Architecture relies on positioning elements in space. That position is expressed in terms of what we designate as coordinates: each coordinate is a number, and a sequence of coordinates identifies a point in space. This figure demonstrates a sequence of coordinates \((x,y,z)\) identifying a point \(P\) in a three-dimensional space. Different types of coordinate systems are possible and, in the case of this figure, we are using the \(Cartesian\) coordinate system (also known as \(rectangular\) coordinate system). The Cartesian coordinate system was named in honor of its inventor: René Descartes. Descartes was a 17th century French philosopher, author of the famous quote: "Cogito ergo sum", (I think, therefore I am) and of countless contributions in the fields of mathematics and physics.

Cartesian coordinates of a point in space.

There is a large number of useful operations that we can make using coordinates. For example, we can calculate the distance between two positions in space: \(P=(p_x,p_y,p_z)\) and \(Q=(q_x,q_y,q_z)\). That distance can be determined using the formula:

\[d = \sqrt{(q_x-p_x)^2+(q_y-p_y)^2+(q_z-p_z)^2}\]

A possible translation of this definition into Julia’s notation would be:

dist(px, py, pz, qx, qy, qz) = sqrt((qx-px)^2+(qy-py)^2+(qz-pz)^2)

The distance between \((2,1,3)\) and \((5,6,4)\) would then be:

> dist(2, 1, 3, 5, 6, 4)

5.916079783099616

Unfortunately, by treating coordinates as three independent numbers, its use becomes unclear. This can be observed in the function dist, which requires six different parameters, making it hard for the reader to know where the coordinates of each position start and end. This problem becomes even worse when a function must return a position in space, as it happens, for example, with the function that computes the mid position \(M\) between \(P=(p_x,p_y,p_z)\) and \(Q=(q_x,q_y,q_z)\). That position can be calculated using the formula:

\[M = (\frac{p_x+q_x}{2},\frac{p_y+q_y}{2},\frac{p_z+q_z}{2})\]

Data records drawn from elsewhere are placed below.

lemma Xcal_nonempty:
  fixes th :: "'a::finite \<Rightarrow> nat \<Rightarrow> 'a"
  assumes "0 < lam"
  shows "Xcal lam th \<noteq> {}"
proof -
  let ?S = "{card (range (\<lambda>a. subst_iter lam th k a j)) | k j. k \<ge> 1 \<and> j < lam ^ k}"
  have "card (range (\<lambda>a. subst_iter lam th 1 a 0)) \<in> ?S" using assms by force
  then have "col_card lam th \<in> ?S"
    unfolding col_card_def using Min_in[OF finite_column_cards] by blast
  then obtain k j where "k \<ge> 1" "j < lam ^ k" "col_card lam th = card (range (\<lambda>a. subst_iter lam th k a j))"
    by blast
  then have "range (\<lambda>a. subst_iter lam th k a j) \<in> Xcal lam th" unfolding Xcal_def by auto
  then show ?thesis by blast
qed

lemma Xcal_image_column:
  fixes th :: "'a::finite \<Rightarrow> nat \<Rightarrow> 'a"
  assumes lam: "0 < lam" and M: "M \<in> Xcal lam th" and j: "j < lam ^ k"
  shows "(\<lambda>a. subst_iter lam th k a j) ` M \<in> Xcal lam th"
proof -
  from M obtain n i where n: "n \<ge> 1" "i < lam ^ n" "M = range (\<lambda>b. subst_iter lam th n b i)"
    and card_M: "card M = col_card lam th" unfolding Xcal_def by blast
  have image: "(\<lambda>a. subst_iter lam th k a j) ` M = range (\<lambda>b. subst_iter lam th (k + n) b (i * lam ^ k + j))"
    unfolding n(3) image_image subst_iter_add_index[OF lam j] ..
  have index: "i * lam ^ k + j < lam ^ (k + n)" using mult_power_add_less[OF n(2) j] .
  have "card ((\<lambda>a. subst_iter lam th k a j) ` M) \<le> col_card lam th"
    using card_image_le[of M] card_M by simp
  moreover have "col_card lam th \<le> card ((\<lambda>a. subst_iter lam th k a j) ` M)"
    unfolding image using n(1) index by (intro col_card_le) auto
  ultimately have "card ((\<lambda>a. subst_iter lam th k a j) ` M) = col_card lam th" by simp
  moreover have "k + n \<ge> 1" using n(1) by simp
  ultimately show ?thesis unfolding Xcal_def image using index by blast
qed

However, it is difficult to conceive a function that implements this behavior because, apparently, it would have to calculate three different results simultaneously, one for each of the coordinates \(x\), \(y\) and \(z\).

To deal with this kind of problems, mathematicians came up with the concept of \(tuple\). Informally, a tuple is just a group of values. A position in space is a tuple that groups three coordinates.

Most programming languages have mechanisms to create and manipulate tuples, and Julia is no exception. Julia provides a native tuple type and dedicated syntax to simplify the creation of tuples. For our purposes, however, it is preferable to use a specific kind of tuple to express the coordinate system being used. To use it, we must first require the module Khepri:

To specify the (Cartesian) coordinates \((x,y,z)\), Khepri provides the function xyz:

> xyz(1, 2, 3)

xyz(1,2,3)

> xyz(2*3, 4+1, 6-2)

xyz(6,5,4)

Note that the result of evaluating the expression xyz(1, 2, 3) is a value that represents a position in the three-dimensional Cartesian space. The value belongs to a type of information that is different from the ones previously seen, such as numbers and strings, and is written by Julia using the same syntax used to create it.